Wednesday, August 10, 2005


I'm surprised to see the NDP willing to back bank mergers, but it does appear to have a strategic response to the issue:
(The NDP) says its approval comes at a cost. That price entails the minority Liberal government implementing a number of "stringent" rules aimed at protecting consumers, such as a cap on credit card interest rates and regulations governing the closing of bank branches...

There are seven elements to the NDP's bank merger platform, most of which would involve new legislation or amendments to existing laws. They include requirements that banks invest in communities where they offer loans; assurances that small businesses would face fewer hurdles in accessing loans; a cap on interest rates charged by bank credit cards; and protection for communities against bank branch closings and potential job losses.

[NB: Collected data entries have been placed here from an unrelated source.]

(* Let $n\geqslant 0$, $r\geqslant 1$ and $d_1,\dots,d_r>1$ be integers, let $X_n(\underline{d})=X_n(d_1,\dots,d_r)\subset\mathbb{C}P^{n+r}$ be a complete intersection and set $c_1=n+r+1-\sum_{i=1}^r d_i$. Let $k\geqslant 2$ be an integer such that $c_1/k$ is an integer. Then: (1) $A_k(X_n(\underline{d}))=0$ if $c_1>0$, and $A_k(X_n(\underline{d}))=k^n(1+(-1)^n)$ if $c_1=0$. (2) If $c_1<0$, then $A_k(X_n(\underline{d}))\geqslant k^n\left[\binom{n+1-\frac{k-1}{k}c_1}{n+1}+(-1)^n\binom{n+1-\frac{1}{k}c_1}{n+1}\right]$.
   Context: A complete intersection $X_n(d_1,\dots,d_r)\subset\mathbb{C}P^{n+r}$ is a compact complex $n$-dimensional manifold given as the transversal intersection of $r$ nonsingular hypersurfaces of degrees $d_1,\dots,d_r$; its first Chern class is $c_1 x$ with $c_1=n+r+1-\sum_i d_i$, $x$ the pullback of the hyperplane class. For $k\geqslant2$, the $A_k$-genus of a compact almost complex $n$-manifold $M$ with formal Chern roots $x_1,\dots,x_n$ is $A_k(M)=\big(\prod_{i=1}^n\frac{k x_i e^{x_i}}{e^{kx_i}-1}\big)[M]$. Generalized binomial coefficients: $\binom{a}{m}=\frac{a(a-1)\cdots(a-m+1)}{m!}$. *)

theory Defs
  imports "HOL-Computational_Algebra.Formal_Power_Series"
begin

text \<open>Reciprocal of the characteristic power series of the A_k-genus evaluated at d*x:
  1/Q_k(d x) = (e^{k d x} - 1)/(k d x e^{d x}),  where Q_k(x) = k x e^x/(e^{k x}-1).\<close>
definition Ak_Qinv :: "nat \<Rightarrow> real \<Rightarrow> real fps" where
  "Ak_Qinv k d = fps_const (1 / (real k * d)) * fps_shift 1 (fps_exp (real k * d) - 1)
                 * fps_exp (- d)"

definition Ak_Q :: "nat \<Rightarrow> real fps" where
  "Ak_Q k = inverse (Ak_Qinv k 1)"

text \<open>Since TX + sum_i O(d_i) = (n+r+1) O(1) (stably) and [X] is Poincare dual to
  (prod d_i) x^r, A_k(X) = (prod d_i) * coefficient of x^n in
  Q_k(x)^{n+r+1} / prod_i Q_k(d_i x).\<close>
definition Ak_genus_CI :: "nat \<Rightarrow> nat \<Rightarrow> nat list \<Rightarrow> real" where
  "Ak_genus_CI k n ds =
     (\<Prod>d\<leftarrow>ds. real d) *
     fps_nth (Ak_Q k ^ (n + length ds + 1) * (\<Prod>d\<leftarrow>ds. Ak_Qinv k (real d))) n"

definition c1_CI :: "nat \<Rightarrow> nat list \<Rightarrow> int" where
  "c1_CI n ds = int n + int (length ds) + 1 - (\<Sum>d\<leftarrow>ds. int d)"

end

(*
  Put E(x) = (e^(kx) - 1)/x. From e^(kdx) - 1 = (e^(kx) - 1)(1 + e^(kx) + ... + e^((d-1)kx)),
  the series (prod_i d_i) Q_k(x)^(n+r+1) prod_i Q_k(d_i x)^(-1) equals
  k^(n+1) e^(c_1 x) E(x)^(-(n+1)) P(e^(kx)), where P(y) = prod_i (1 + y + ... + y^(d_i - 1)).
  For c_1 = k m, the x^n-coefficient of k E^(-(n+1)) e^(kax) is the residue of
  k e^(kax) / (e^(kx) - 1)^(n+1), which is binom(a - 1, n): it satisfies Pascal's rule in a,
  and at a = 1 the integrand is an exact derivative. Hence A_k(X) = k^n sum_i p_i binom(m + i - 1, n),
  where the coefficients p_i of P are at least 1 and palindromic, and deg P = n + 1 - c_1.
  For c_1 > 0 every binomial vanishes; for c_1 = 0 only the two extreme terms survive; for
  c_1 = -k M the sum splits as (-1)^n F(M) + F((k-1)M) with F(J) = sum_(i<=J) p_i binom(n+J-i, n),
  and F(J) - binom(n+J+1, n+1) is nonnegative and increasing in J.
*)
theory Submission
  imports Defs "HOL-Computational_Algebra.Polynomial"
begin

unbundle fps_syntax

section \<open>Residues of exponential quotients\<close>

(* (x f)' / (x f)^(n+1) is the derivative of -(x f)^(-n) / n, so its residue vanishes. *)
lemma fps_deriv_X_mult_times_inverse_power_nth_eq_0:
  fixes f :: "'a::field_char_0 fps"
  assumes f0: "f $ 0 \<noteq> 0" and n: "n \<ge> 1"
  shows "(fps_deriv (fps_X * f) * inverse f ^ (n + 1)) $ n = 0"
proof -
  define g where "g = inverse f"
  obtain m where m: "n = Suc m" using n by (cases n) auto
  have fg: "f * g = 1" using f0 by (simp add: g_def inverse_mult_eq_1')
  have "fps_deriv (fps_X * f) * g ^ (n + 1) = (f * g) * g ^ n + fps_X * (fps_deriv f * g ^ (n + 1))"
    by (simp add: algebra_simps)
  then have split: "fps_deriv (fps_X * f) * g ^ (n + 1) = g ^ n + fps_X * (fps_deriv f * g ^ (n + 1))"
    by (simp only: fg mult_1)
  have "fps_deriv (g ^ n) = fps_const (of_nat n) * (- fps_deriv f * g\<^sup>2) * g ^ m"
    unfolding fps_deriv_power m diff_Suc_1 g_def fps_inverse_deriv[OF f0] ..
  also have "\<dots> = fps_const (- of_nat n) * (fps_deriv f * g ^ (n + 1))"
    using m by (simp add: power2_eq_square mult_ac fps_const_neg[symmetric] del: fps_const_neg
        of_nat_Suc)
  finally have "fps_deriv (g ^ n) $ m = - of_nat n * (fps_deriv f * g ^ (n + 1)) $ m"
    by simp
  moreover have "fps_deriv (g ^ n) $ m = of_nat n * g ^ n $ n"
    unfolding fps_deriv_nth using m by (simp only: Suc_eq_plus1)
  ultimately have "of_nat n * g ^ n $ n = - of_nat n * (fps_deriv f * g ^ (n + 1)) $ m"
    by (simp only:)
  then have "of_nat n * (g ^ n $ n + (fps_deriv f * g ^ (n + 1)) $ m) = (0 :: 'a)"
    by (simp add: distrib_left)
  then have "g ^ n $ n + (fps_deriv f * g ^ (n + 1)) $ m = 0"
    using n by simp
  then have "(fps_deriv (fps_X * f) * g ^ (n + 1)) $ n = 0"
    unfolding split using m by simp
  then show ?thesis
    by (simp only: g_def)
qed

definition fps_expm1_quot :: "'a::field_char_0 \<Rightarrow> 'a fps" where
  "fps_expm1_quot c = fps_shift 1 (fps_exp c - 1)"

lemma fps_expm1_quot_nth_0 [simp]: "fps_expm1_quot c $ 0 = c"
  by (simp add: fps_expm1_quot_def)

lemma fps_exp_eq_1_plus_X_times_expm1_quot: "fps_exp c = 1 + fps_X * fps_expm1_quot c"
  by (rule fps_ext) (auto simp: fps_expm1_quot_def)

lemma fps_expm1_quot_times_inverse:
  "c \<noteq> 0 \<Longrightarrow> fps_expm1_quot c * inverse (fps_expm1_quot c) = 1"
  by (simp add: inverse_mult_eq_1')

(* The residue at x = 0 of c e^(acx) / (e^(cx) - 1)^(n+1). *)
definition exp_residue :: "'a::field_char_0 \<Rightarrow> nat \<Rightarrow> int \<Rightarrow> 'a" where
  "exp_residue c n a = c * (inverse (fps_expm1_quot c) ^ (n + 1) * fps_exp (c * of_int a)) $ n"

lemma exp_residue_0: "c \<noteq> 0 \<Longrightarrow> exp_residue c 0 a = 1"
  by (simp add: exp_residue_def)

lemma exp_residue_Suc_plus_1:
  assumes "c \<noteq> 0"
  shows "exp_residue c (Suc n) (a + 1) = exp_residue c (Suc n) a + exp_residue c n a"
proof -
  define E V where "E = fps_expm1_quot c" and "V = inverse (fps_expm1_quot c)"
  have "fps_exp (c * of_int (a + 1)) = fps_exp (c * of_int a) * (1 + fps_X * E)"
    by (simp add: E_def distrib_left fps_exp_add_mult flip: fps_exp_eq_1_plus_X_times_expm1_quot)
  then have "V ^ (Suc n + 1) * fps_exp (c * of_int (a + 1))
      = V ^ (Suc n + 1) * fps_exp (c * of_int a)
        + fps_X * (V ^ (n + 1) * fps_exp (c * of_int a)) * (E * V)"
    by (simp add: algebra_simps)
  also have "E * V = 1"
    using assms by (simp add: E_def V_def fps_expm1_quot_times_inverse)
  finally show ?thesis
    by (simp add: exp_residue_def V_def algebra_simps)
qed

lemma exp_residue_1:
  assumes "c \<noteq> 0" and "n \<ge> 1"
  shows "exp_residue c n 1 = 0"
proof -
  have "fps_X * fps_expm1_quot c = fps_exp c - 1"
    by (simp add: fps_exp_eq_1_plus_X_times_expm1_quot[of c])
  then have "fps_deriv (fps_X * fps_expm1_quot c) = fps_const c * fps_exp c"
    by simp
  then have "exp_residue c n 1
      = (fps_deriv (fps_X * fps_expm1_quot c) * inverse (fps_expm1_quot c) ^ (n + 1)) $ n"
    unfolding exp_residue_def by (simp only: of_int_1 mult_1_left mult_1_right mult.assoc mult.commute
        fps_mult_left_const_nth)
  also have "\<dots> = 0"
    using assms by (intro fps_deriv_X_mult_times_inverse_power_nth_eq_0) simp_all
  finally show ?thesis .
qed

lemma exp_residue_eq_gchoose:
  assumes "c \<noteq> 0"
  shows "exp_residue c n a = of_int (a - 1) gchoose n"
proof (induction n arbitrary: a)
  case 0
  then show ?case using exp_residue_0[OF assms] by simp
next
  case (Suc n)
  show ?case
  proof (induction a rule: int_induct[where k = 1])
    case base
    then show ?case using exp_residue_1[OF assms, of "Suc n"] by simp
  next
    case (step1 a)
    have "exp_residue c (Suc n) (a + 1) = exp_residue c (Suc n) a + exp_residue c n a"
      by (rule exp_residue_Suc_plus_1[OF assms])
    also have "\<dots> = (of_int (a - 1) gchoose Suc n) + (of_int (a - 1) gchoose n)"
      using step1 Suc.IH by simp
    also have "\<dots> = of_int (a + 1 - 1) gchoose Suc n"
      using gbinomial_Suc_Suc[of "of_int (a - 1) :: 'a" n] by (simp add: algebra_simps)
    finally show ?case .
  next
    case (step2 a)
    have "exp_residue c (Suc n) (a - 1) = exp_residue c (Suc n) (a - 1 + 1) - exp_residue c n (a - 1)"
      using exp_residue_Suc_plus_1[OF assms, of n "a - 1"] by simp
    also have "\<dots> = (of_int (a - 1) gchoose Suc n) - (of_int (a - 1 - 1) gchoose n)"
      using step2 Suc.IH by simp
    also have "\<dots> = of_int (a - 1 - 1) gchoose Suc n"
      using gbinomial_Suc_Suc[of "of_int (a - 1 - 1) :: 'a" n] by (simp add: algebra_simps)
    finally show ?case .
  qed
qed

section \<open>Geometric polynomials\<close>

fun geom_poly :: "nat \<Rightarrow> 'a::comm_semiring_1 poly" where
  "geom_poly 0 = 0"
| "geom_poly (Suc d) = pCons 1 (geom_poly d)"

lemma coeff_geom_poly: "coeff (geom_poly d) i = (if i < d then 1 else 0)"
  by (induction d arbitrary: i) (auto simp: coeff_pCons split: nat.splits)

lemma geom_poly_eq_0_iff [simp]: "geom_poly d = 0 \<longleftrightarrow> d = 0"
  by (cases d) simp_all

lemma degree_geom_poly: "degree (geom_poly d) = d - 1"
  by (induction d) (simp_all add: degree_pCons_eq_if)

lemma reflect_geom_poly: "reflect_poly (geom_poly d) = geom_poly d"
  by (rule poly_eqI) (auto simp: coeff_reflect_poly degree_geom_poly coeff_geom_poly)

lemma poly_geom_poly: "poly (geom_poly d) x = (\<Sum>j<d. x ^ j)"
  by (induction d) (simp_all add: sum.lessThan_Suc_shift sum_distrib_left del: sum.lessThan_Suc
      flip: power_Suc)

lemma map_poly_geom_poly:
  "f 0 = 0 \<Longrightarrow> f 1 = 1 \<Longrightarrow> map_poly f (geom_poly d) = geom_poly d"
  by (induction d) (simp_all add: map_poly_pCons)

lemma coeff_mult_ge_1:
  fixes p q :: "'a::linordered_idom poly"
  assumes p: "\<forall>i\<le>degree p. 1 \<le> coeff p i" and q: "\<forall>i\<le>degree q. 1 \<le> coeff q i"
    and i: "i \<le> degree (p * q)"
  shows "1 \<le> coeff (p * q) i"
proof -
  have nonneg: "0 \<le> coeff r j" if "\<forall>i\<le>degree r. 1 \<le> coeff r i" for r :: "'a poly" and j
    using that by (cases "j \<le> degree r") (auto simp: coeff_eq_0 intro: order.trans[OF zero_le_one])
  have "p \<noteq> 0" "q \<noteq> 0"
    using p q by (auto dest: spec[of _ 0])
  then have deg: "degree (p * q) = degree p + degree q"
    by (rule degree_mult_eq)
  define j where "j = min i (degree p)"
  have j: "j \<le> i" "j \<le> degree p" "i - j \<le> degree q"
    using i unfolding deg j_def by auto
  have "1 * 1 \<le> coeff p j * coeff q (i - j)"
    using p q j by (intro mult_mono) auto
  also have "\<dots> \<le> (\<Sum>l\<le>i. coeff p l * coeff q (i - l))"
    by (rule member_le_sum) (use j nonneg[OF p] nonneg[OF q] in auto)
  finally show ?thesis
    by (simp add: coeff_mult)
qed

lemma degree_prod_geom_poly:
  "\<forall>d\<in>set ds. d > 0 \<Longrightarrow> degree (\<Prod>d\<leftarrow>ds. geom_poly d :: 'a::idom poly) = (\<Sum>d\<leftarrow>ds. d - 1)"
proof (induction ds)
  case (Cons d ds)
  then have "(\<Prod>d\<leftarrow>ds. geom_poly d :: 'a poly) \<noteq> 0" "d > 0"
    by (auto simp: prod_list_zero_iff)
  with Cons show ?case
    by (simp add: degree_mult_eq degree_geom_poly)
qed simp

lemma coeff_prod_geom_poly_ge_1:
  fixes i :: nat
  assumes "\<forall>d\<in>set ds. d > 0" and "i \<le> degree (\<Prod>d\<leftarrow>ds. geom_poly d :: 'a::linordered_idom poly)"
  shows "1 \<le> coeff (\<Prod>d\<leftarrow>ds. geom_poly d :: 'a poly) i"
  using assms
proof (induction ds arbitrary: i)
  case Nil
  then show ?case by simp
next
  case (Cons d ds)
  have "\<forall>i\<le>degree (geom_poly d :: 'a poly). 1 \<le> coeff (geom_poly d :: 'a poly) i"
    using Cons.prems by (auto simp: degree_geom_poly coeff_geom_poly)
  with Cons show ?case
    by (auto intro: coeff_mult_ge_1)
qed

lemma coeff_0_prod_geom_poly:
  "\<forall>d\<in>set ds. d > 0 \<Longrightarrow> coeff (\<Prod>d\<leftarrow>ds. geom_poly d) 0 = 1"
  by (induction ds) (auto simp: coeff_mult_0 coeff_geom_poly)

lemma coeff_prod_geom_poly_symmetric:
  fixes ds :: "nat list"
  defines "P \<equiv> \<Prod>d\<leftarrow>ds. geom_poly d :: 'a::idom poly"
  assumes "i \<le> degree P"
  shows "coeff P i = coeff P (degree P - i)"
proof -
  have "reflect_poly P = P"
    by (simp add: P_def reflect_poly_prod_list comp_def reflect_geom_poly)
  then have "coeff P i = coeff (reflect_poly P) i"
    by simp
  also have "\<dots> = coeff P (degree P - i)"
    using assms by (simp add: coeff_reflect_poly)
  finally show ?thesis .
qed

section \<open>The \<open>A\<^sub>k\<close>-genus as a sum of binomial coefficients\<close>

lemma prod_list_map_mult: "(\<Prod>x\<leftarrow>xs. f x * g x) = (\<Prod>x\<leftarrow>xs. f x) * (\<Prod>x\<leftarrow>xs. g x)"
  for f g :: "'a \<Rightarrow> 'b::comm_monoid_mult"
  by (induction xs) (simp_all add: mult_ac)

lemma prod_list_fps_exp: "(\<Prod>x\<leftarrow>xs. fps_exp (f x)) = fps_exp (\<Sum>x\<leftarrow>xs. f x)"
  for f :: "'a \<Rightarrow> 'b::field_char_0"
  by (induction xs) (simp_all add: fps_exp_add_mult)

lemma fps_const_sum: "fps_const (sum f A) = (\<Sum>a\<in>A. fps_const (f a))"
  by (induction A rule: infinite_finite_induct) (simp_all flip: fps_const_add)

lemma map_poly_fps_const_mult:
  "map_poly fps_const (p * q) = map_poly fps_const p * map_poly fps_const q"
  by (rule poly_eqI) (simp add: coeff_map_poly coeff_mult fps_const_sum)

lemma poly_map_poly_fps_const_prod_list:
  "poly (map_poly fps_const (prod_list ps)) x = (\<Prod>p\<leftarrow>ps. poly (map_poly fps_const p) x)"
  by (induction ps) (simp_all add: map_poly_fps_const_mult)

lemma poly_map_poly_fps_const:
  "poly (map_poly fps_const p) x = (\<Sum>i\<le>degree p. fps_const (coeff p i) * x ^ i)"
  by (simp add: poly_altdef degree_map_poly coeff_map_poly)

Ultimately I like the strategy. Mergers were probably going to happen anyway if the Liberals managed a majority next time out; now, if the Liberals can be forced to accept the NDP's conditions, there'll be some benefit for consumers and small businesses which any future government would have to be wary of removing.

The potential problem is that with both other opposition parties also willing to back mergers, the Liberals may need to meet only one party's terms. If that happens then consumers may be much worse off for a time, but at worst the NDP is left with a solid consumer-protection platform for the 2006 election, along with a shining example of why such a platform is needed.